Bugün emperyalizmin neo-liberal ideolojik saldırısı, ekonomik tarzına uygun olarak yansımasını en fazla kültürel alanda bulmaktadır. Kitlelerin ideolojik olarak kazanılması, öncesi toplumlara nazaran kapitalizmde daha fazla öne çıkmış ve inceltilmiş biçimler, yol-yöntemler kazanmıştır. Özellikle “son on yirmi yıl içerisinde kültür değer oluşumunun başlıca alanı haline gelmiştir.” (Jeremy Gilbert/ Anti-Kapitalizm ve Kültür, Ayrıntı Yayınları)
Burjuva sistemin doğrudan ya da dolaylı kitleleri egemenlik alanında tutmasını sağlayan her şey devrimci mücadelenin konusudur. Bunun sacayaklarından olan kültürel alan da bu nedenle önemli bir yer tutar. Geniş halk kitlelerinin olabildiğince bu etki alanından çıkarılamadığı sürece sınıf mücadelesinin sağlıklı gelişimi de mümkün olamayacaktır. Mücadelenin her alanı ve biçimi kendine özgü kültürel oluşum ve özelliklerin yaratımına yol açar. Ancak hepsinin temel özelliği sınıfın, devrimci kültürün niteliğini taşımasıdır.
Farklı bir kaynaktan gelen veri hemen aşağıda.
(* Consider MDVI$(\alpha,K,M)$ with any $\alpha\in[0,1)$ and any positive integers $K,M$, on an MDP as in the context. Then, for every realization of the samples and every $k\in\{1,\dots,K\}$, $$0 \leq v^* - v^{\pi'_k} \leq \Gamma_k,\qquad \Gamma_k := \frac{1}{A_\infty}\sum_{j=0}^{k-1}\gamma^j\left(\pi_k P_{k-j}^{k-1} - \pi_* P_*^j\right)E_{k-j} + 2H\left(\alpha^k + \frac{A_{\gamma,k}}{A_\infty}\right)\mathbf{1},$$ where inequalities between vectors are componentwise.
   Context: MDP: finite state set $\mathcal{X}$, finite action set $\mathcal{A}$, discount $\gamma\in[0,1)$, reward $r \in [-1,1]^{\mathcal{X}\times\mathcal{A}}$, transition kernel $P(y|x,a)$, $H=1/(1-\gamma)$. $P$ is viewed as a matrix in $\mathbb{R}^{(\mathcal{X}\times\mathcal{A})\times\mathcal{X}}$, $(Pv)(x,a)=\sum_yP(y|x,a)v(y)$; a policy $\pi$ is viewed as a matrix in $\mathbb{R}^{\mathcal{X}\times(\mathcal{X}\times\mathcal{A})}$, $(\pi q)(x)=\sum_a\pi(a|x)q(x,a)$; $P^\pi := P\pi$; $T^\pi q = r+\gamma P^\pi q$; $q^\pi$ its fixed point, $v^\pi=\pi q^\pi$; $\pi_*$ is an optimal policy, $v^*=v^{\pi_*}$. $\mathbf{1}$ is the all-ones vector. MDVI$(\alpha,K,M)$: $s_0 = 0$, $w_0=w_{-1}=0$; for $k=0,\dots,K-1$: $v_k = w_k-\alpha w_{k-1}$; for each $(x,a)$, independent samples $y_{k,m,x,a}\sim P(\cdot|x,a)$, $m\in[M]$; $q_{k+1}(x,a) = r(x,a)+\frac{\gamma}{M}\sum_m v_k(y_{k,m,x,a})$; $s_{k+1}=q_{k+1}+\alpha s_k$; $w_{k+1}(x)=\max_a s_{k+1}(x,a)$. $\pi_k$ ($k=0,\dots,K$) is a deterministic greedy policy w.r.t. $s_k$. Notation: $\widehat P_k v(x,a) = \frac1M\sum_m v(y_{k,m,x,a})$; $\varepsilon_k = \gamma\widehat P_{k-1}v_{k-1} - \gamma P v_{k-1}$ for $k\in[K]$; $E_k = \sum_{j=1}^k \alpha^{k-j}\varepsilon_j$. $A_\infty = 1/(1-\alpha)$, $A_{\gamma,k} = \sum_{j=0}^{k-1}\gamma^{k-j}\alpha^j$. For $i\ge j$, $P_j^i := P^{\pi_i}P^{\pi_{i-1}}\cdots P^{\pi_j}$, and $P_j^i := I$ if $i<j$; $P_*^j := (P^{\pi_*})^j$. $\pi'_k$ is the non-stationary policy following $\pi_{k-t}$ at time step $t\le k$ and $\pi_0$ afterwards, with value $v^{\pi'_k} = \pi_kT^{\pi_{k-1}}\cdots T^{\pi_1}q^{\pi_0}$. *)

theory Defs
  imports Main "HOL-Analysis.Analysis"
begin

text \<open>Transition kernel: P x a y = P(y|x,a). Stochastic policies: pol x a = pol(a|x).\<close>

definition stoch_kernel :: "('x::finite \<Rightarrow> 'a::finite \<Rightarrow> 'x \<Rightarrow> real) \<Rightarrow> bool" where
  "stoch_kernel P \<longleftrightarrow> (\<forall>x a y. 0 \<le> P x a y) \<and> (\<forall>x a. (\<Sum>y\<in>UNIV. P x a y) = 1)"

definition stoch_policy :: "('x::finite \<Rightarrow> 'a::finite \<Rightarrow> real) \<Rightarrow> bool" where
  "stoch_policy \<pi> \<longleftrightarrow> (\<forall>x a. 0 \<le> \<pi> x a) \<and> (\<forall>x. (\<Sum>a\<in>UNIV. \<pi> x a) = 1)"

definition det_pol :: "('x \<Rightarrow> 'a) \<Rightarrow> 'x \<Rightarrow> 'a \<Rightarrow> real" where
  "det_pol d x a = (if a = d x then 1 else 0)"

definition pol_app :: "('x \<Rightarrow> 'a::finite \<Rightarrow> real) \<Rightarrow> ('x \<Rightarrow> 'a \<Rightarrow> real) \<Rightarrow> 'x \<Rightarrow> real" where
  "pol_app \<pi> q x = (\<Sum>a\<in>UNIV. \<pi> x a * q x a)"

definition kern_app :: "('x \<Rightarrow> 'a \<Rightarrow> 'x::finite \<Rightarrow> real) \<Rightarrow> ('x \<Rightarrow> real) \<Rightarrow> 'x \<Rightarrow> 'a \<Rightarrow> real" where
  "kern_app P v x a = (\<Sum>y\<in>UNIV. P x a y * v y)"

definition Ppol :: "('x \<Rightarrow> 'a \<Rightarrow> 'x::finite \<Rightarrow> real) \<Rightarrow> ('x \<Rightarrow> 'a::finite \<Rightarrow> real)
    \<Rightarrow> ('x \<Rightarrow> 'a \<Rightarrow> real) \<Rightarrow> 'x \<Rightarrow> 'a \<Rightarrow> real" where
  "Ppol P \<pi> q = kern_app P (pol_app \<pi> q)"

definition Tpol :: "real \<Rightarrow> ('x \<Rightarrow> 'a \<Rightarrow> real) \<Rightarrow> ('x \<Rightarrow> 'a \<Rightarrow> 'x::finite \<Rightarrow> real)
    \<Rightarrow> ('x \<Rightarrow> 'a::finite \<Rightarrow> real) \<Rightarrow> ('x \<Rightarrow> 'a \<Rightarrow> real) \<Rightarrow> 'x \<Rightarrow> 'a \<Rightarrow> real" where
  "Tpol \<gamma> r P \<pi> q x a = r x a + \<gamma> * Ppol P \<pi> q x a"

definition qpi :: "real \<Rightarrow> ('x \<Rightarrow> 'a \<Rightarrow> real) \<Rightarrow> ('x \<Rightarrow> 'a \<Rightarrow> 'x::finite \<Rightarrow> real)
    \<Rightarrow> ('x \<Rightarrow> 'a::finite \<Rightarrow> real) \<Rightarrow> 'x \<Rightarrow> 'a \<Rightarrow> real" where
  "qpi \<gamma> r P \<pi> = (THE q. Tpol \<gamma> r P \<pi> q = q)"

definition vpi :: "real \<Rightarrow> ('x \<Rightarrow> 'a \<Rightarrow> real) \<Rightarrow> ('x \<Rightarrow> 'a \<Rightarrow> 'x::finite \<Rightarrow> real)
    \<Rightarrow> ('x \<Rightarrow> 'a::finite \<Rightarrow> real) \<Rightarrow> 'x \<Rightarrow> real" where
  "vpi \<gamma> r P \<pi> = pol_app \<pi> (qpi \<gamma> r P \<pi>)"

definition optimal_policy :: "real \<Rightarrow> ('x \<Rightarrow> 'a \<Rightarrow> real) \<Rightarrow> ('x \<Rightarrow> 'a \<Rightarrow> 'x::finite \<Rightarrow> real)
    \<Rightarrow> ('x \<Rightarrow> 'a::finite \<Rightarrow> real) \<Rightarrow> bool" where
  "optimal_policy \<gamma> r P \<pi>s \<longleftrightarrow> stoch_policy \<pi>s \<and>
     (\<forall>\<pi>. stoch_policy \<pi> \<longrightarrow> (\<forall>x. vpi \<gamma> r P \<pi> x \<le> vpi \<gamma> r P \<pi>s x))"

text \<open>MDVI iteration. Samples: y k m x a = y_{k,m,x,a}, m ranges over {0..<M}.
  mdvi_state k = (s_k, w_k, w_{k-1}) with w_{-1} = 0.\<close>
primrec mdvi_state :: "real \<Rightarrow> nat \<Rightarrow> real \<Rightarrow> ('x \<Rightarrow> 'a \<Rightarrow> real)
    \<Rightarrow> (nat \<Rightarrow> nat \<Rightarrow> 'x \<Rightarrow> 'a \<Rightarrow> 'x) \<Rightarrow> nat
    \<Rightarrow> ('x \<Rightarrow> 'a::finite \<Rightarrow> real) \<times> ('x \<Rightarrow> real) \<times> ('x \<Rightarrow> real)" where
  "mdvi_state \<alpha> M \<gamma> r y 0 = ((\<lambda>x a. 0), (\<lambda>x. 0), (\<lambda>x. 0))"
| "mdvi_state \<alpha> M \<gamma> r y (Suc k) =
     (case mdvi_state \<alpha> M \<gamma> r y k of (s, w, wp) \<Rightarrow>
        let v = (\<lambda>x. w x - \<alpha> * wp x);
            q = (\<lambda>x a. r x a + \<gamma> / real M * (\<Sum>m<M. v (y k m x a)));
            s' = (\<lambda>x a. q x a + \<alpha> * s x a);
            w' = (\<lambda>x. Max (range (s' x)))
        in (s', w', w))"

definition mdvi_s where "mdvi_s \<alpha> M \<gamma> r y k = fst (mdvi_state \<alpha> M \<gamma> r y k)"

definition mdvi_v where
  "mdvi_v \<alpha> M \<gamma> r y k = (\<lambda>x. fst (snd (mdvi_state \<alpha> M \<gamma> r y k)) x
                              - \<alpha> * snd (snd (mdvi_state \<alpha> M \<gamma> r y k)) x)"

definition Phat :: "nat \<Rightarrow> (nat \<Rightarrow> nat \<Rightarrow> 'x \<Rightarrow> 'a \<Rightarrow> 'x) \<Rightarrow> nat \<Rightarrow> ('x \<Rightarrow> real) \<Rightarrow> 'x \<Rightarrow> 'a \<Rightarrow> real" where
  "Phat M y k v x a = (\<Sum>m<M. v (y k m x a)) / real M"

text \<open>\<epsilon>_k = \<gamma> \<widehat>P_{k-1} v_{k-1} - \<gamma> P v_{k-1} (used for k \<ge> 1)\<close>
definition mdvi_eps where
  "mdvi_eps \<alpha> M \<gamma> r P y k = (\<lambda>x a.
      \<gamma> * Phat M y (k - 1) (mdvi_v \<alpha> M \<gamma> r y (k - 1)) x a
    - \<gamma> * kern_app P (mdvi_v \<alpha> M \<gamma> r y (k - 1)) x a)"

definition mdvi_E where
  "mdvi_E \<alpha> M \<gamma> r P y k = (\<lambda>x a. \<Sum>j\<in>{1..k}. \<alpha> ^ (k - j) * mdvi_eps \<alpha> M \<gamma> r P y j x a)"

text \<open>Pchain P pol j n = P^{\<pi>_{j+n-1}} \<dots> P^{\<pi>_j} (n factors). Thus P_j^i = Pchain P pol j (i + 1 - j),
  which is the identity when i < j.\<close>
primrec Pchain :: "('x \<Rightarrow> 'a \<Rightarrow> 'x::finite \<Rightarrow> real) \<Rightarrow> (nat \<Rightarrow> 'x \<Rightarrow> 'a::finite) \<Rightarrow> nat \<Rightarrow> nat
    \<Rightarrow> ('x \<Rightarrow> 'a \<Rightarrow> real) \<Rightarrow> 'x \<Rightarrow> 'a \<Rightarrow> real" where
  "Pchain P pol j 0 q = q"
| "Pchain P pol j (Suc n) q = Ppol P (det_pol (pol (j + n))) (Pchain P pol j n q)"

definition Pji where "Pji P pol j i = Pchain P pol j (i + 1 - j)"

definition Pstar_pow where "Pstar_pow P \<pi>s j = (Ppol P \<pi>s ^^ j)"

primrec Tchain :: "real \<Rightarrow> ('x \<Rightarrow> 'a \<Rightarrow> real) \<Rightarrow> ('x \<Rightarrow> 'a \<Rightarrow> 'x::finite \<Rightarrow> real)
    \<Rightarrow> (nat \<Rightarrow> 'x \<Rightarrow> 'a::finite) \<Rightarrow> nat \<Rightarrow> ('x \<Rightarrow> 'a \<Rightarrow> real) \<Rightarrow> 'x \<Rightarrow> 'a \<Rightarrow> real" where
  "Tchain \<gamma> r P pol 0 q = q"
| "Tchain \<gamma> r P pol (Suc n) q = Tpol \<gamma> r P (det_pol (pol (Suc n))) (Tchain \<gamma> r P pol n q)"

text \<open>v^{\<pi>'_k} = \<pi>_k T^{\<pi>_{k-1}} \<dots> T^{\<pi>_1} q^{\<pi>_0}  (k \<ge> 1)\<close>
definition v_nonstat where
  "v_nonstat \<gamma> r P pol k =
     pol_app (det_pol (pol k)) (Tchain \<gamma> r P pol (k - 1) (qpi \<gamma> r P (det_pol (pol 0))))"

definition A_inf :: "real \<Rightarrow> real" where "A_inf \<alpha> = 1 / (1 - \<alpha>)"

definition A_gamma :: "real \<Rightarrow> real \<Rightarrow> nat \<Rightarrow> real" where
  "A_gamma \<gamma> \<alpha> k = (\<Sum>j<k. \<gamma> ^ (k - j) * \<alpha> ^ j)"

definition Hor :: "real \<Rightarrow> real" where "Hor \<gamma> = 1 / (1 - \<gamma>)"

definition Gamma_bound where
  "Gamma_bound \<alpha> M \<gamma> r P y pol \<pi>s k = (\<lambda>x.
     (1 / A_inf \<alpha>) * (\<Sum>j<k. \<gamma> ^ j *
        ( pol_app (det_pol (pol k)) (Pji P pol (k - j) (k - 1) (mdvi_E \<alpha> M \<gamma> r P y (k - j))) x
        - pol_app \<pi>s (Pstar_pow P \<pi>s j (mdvi_E \<alpha> M \<gamma> r P y (k - j))) x))
     + 2 * Hor \<gamma> * (\<alpha> ^ k + A_gamma \<gamma> \<alpha> k / A_inf \<alpha>))"

end

theory Submission
  imports Defs
begin

text \<open>
  Unrolling the recursion gives s_k = A_k r + \<gamma> P w_{k-1} + E_k with A_k = \<Sum>_{j<k} \<alpha>^j,
  so s_k can be compared with A_k times a q-function one step at a time. Since w_{k-1}
  dominates \<pi>_* s_{k-1}, the gap A_k q^{\<pi>_*} - s_k is at most \<gamma> P^{\<pi>_*} applied to the
  previous gap, plus \<gamma> \<alpha>^{k-1} H - E_k. Since w_{k-1} = \<pi>_{k-1} s_{k-1}, the gap s_k - A_k Q_k
  to the q-values Q_k = T^{\<pi>_{k-1}} ... T^{\<pi>_0} q^{\<pi>_0} of the non-stationary policy obeys the
  same recursion along P^{\<pi>_{k-1}}. Averaging the first gap over \<pi>_*, evaluating the second at
  the greedy action \<pi>_k(x) and using \<pi>_* s_k \<le> w_k = s_k(x, \<pi>_k(x)) bounds
  A_k (v^* - v^{\<pi>'_k}) by 2 A_{\<gamma>,k} H plus the error terms; the theorem follows from
  1 = \<alpha>^k + (1 - \<alpha>) A_k and \<bar>v^* - v^{\<pi>'_k}\<bar> \<le> 2 H. For the lower bound, every Q_k stays
  below q^{\<pi>_*}, which stays below v^*.
\<close>

section \<open>Policy and transition operators\<close>

lemma pol_app_add: "pol_app \<pi> (\<lambda>x a. f x a + g x a) x = pol_app \<pi> f x + pol_app \<pi> g x"
  by (simp add: pol_app_def distrib_left sum.distrib)

lemma pol_app_diff: "pol_app \<pi> (\<lambda>x a. f x a - g x a) x = pol_app \<pi> f x - pol_app \<pi> g x"
  by (simp add: pol_app_def right_diff_distrib sum_subtractf)

lemma pol_app_mult: "pol_app \<pi> (\<lambda>x a. c * f x a) x = c * pol_app \<pi> f x"
  by (simp add: pol_app_def sum_distrib_left algebra_simps)

lemma pol_app_sum: "pol_app \<pi> (\<lambda>x a. \<Sum>j\<in>S. f j x a) x = (\<Sum>j\<in>S. pol_app \<pi> (f j) x)"
  by (simp add: pol_app_def sum_distrib_left sum.swap[of _ S])

lemma pol_app_const: "stoch_policy \<pi> \<Longrightarrow> pol_app \<pi> (\<lambda>x a. c) x = c"
  by (simp add: pol_app_def stoch_policy_def flip: sum_distrib_right)

lemma pol_app_mono:
  "stoch_policy \<pi> \<Longrightarrow> (\<And>a. f x a \<le> g x a) \<Longrightarrow> pol_app \<pi> f x \<le> pol_app \<pi> g x"
  unfolding pol_app_def stoch_policy_def by (intro sum_mono mult_left_mono) auto

lemma pol_app_le: "stoch_policy \<pi> \<Longrightarrow> (\<And>a. f x a \<le> c) \<Longrightarrow> pol_app \<pi> f x \<le> c"
  using pol_app_mono[of \<pi> f x "\<lambda>x a. c"] by (simp add: pol_app_const)

lemma abs_pol_app_le:
  assumes \<pi>: "stoch_policy \<pi>" and f: "\<And>a. \<bar>f x a\<bar> \<le> c"
  shows "\<bar>pol_app \<pi> f x\<bar> \<le> c"
proof -
  have "pol_app \<pi> f x \<le> pol_app \<pi> (\<lambda>x a. c) x"
    by (rule pol_app_mono[OF \<pi>]) (metis f abs_le_D1)
  moreover have "pol_app \<pi> (\<lambda>x a. - c) x \<le> pol_app \<pi> f x"
    by (rule pol_app_mono[OF \<pi>]) (metis f abs_le_D2 minus_le_iff)
  ultimately show ?thesis by (simp add: pol_app_const[OF \<pi>])
qed

lemma stoch_policy_det_pol: "stoch_policy (det_pol (d :: 'x::finite \<Rightarrow> 'a::finite))"
  unfolding stoch_policy_def det_pol_def by simp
Karşımızdaki olguyu tanımlamak, özelliklerini kavramak, ona karşı mücadeleyi etkin ve sonuç alıcı kılmak açısından önemseriz. Bir o kadar kendimizi de kolektif bir devrimci olarak yapılandırıp oluştururken en ileri seviyede bir nitelik kazanmayı hedefleriz. Buna ulaşmanın anlayışına, yol ve yöntemlerine yöneliriz. Konu burjuva ve devrimci kültür olunca konuya bunların tanımlanması, farklılıkların ortaya konulmasıyla başlamak da kaçınılmazdır.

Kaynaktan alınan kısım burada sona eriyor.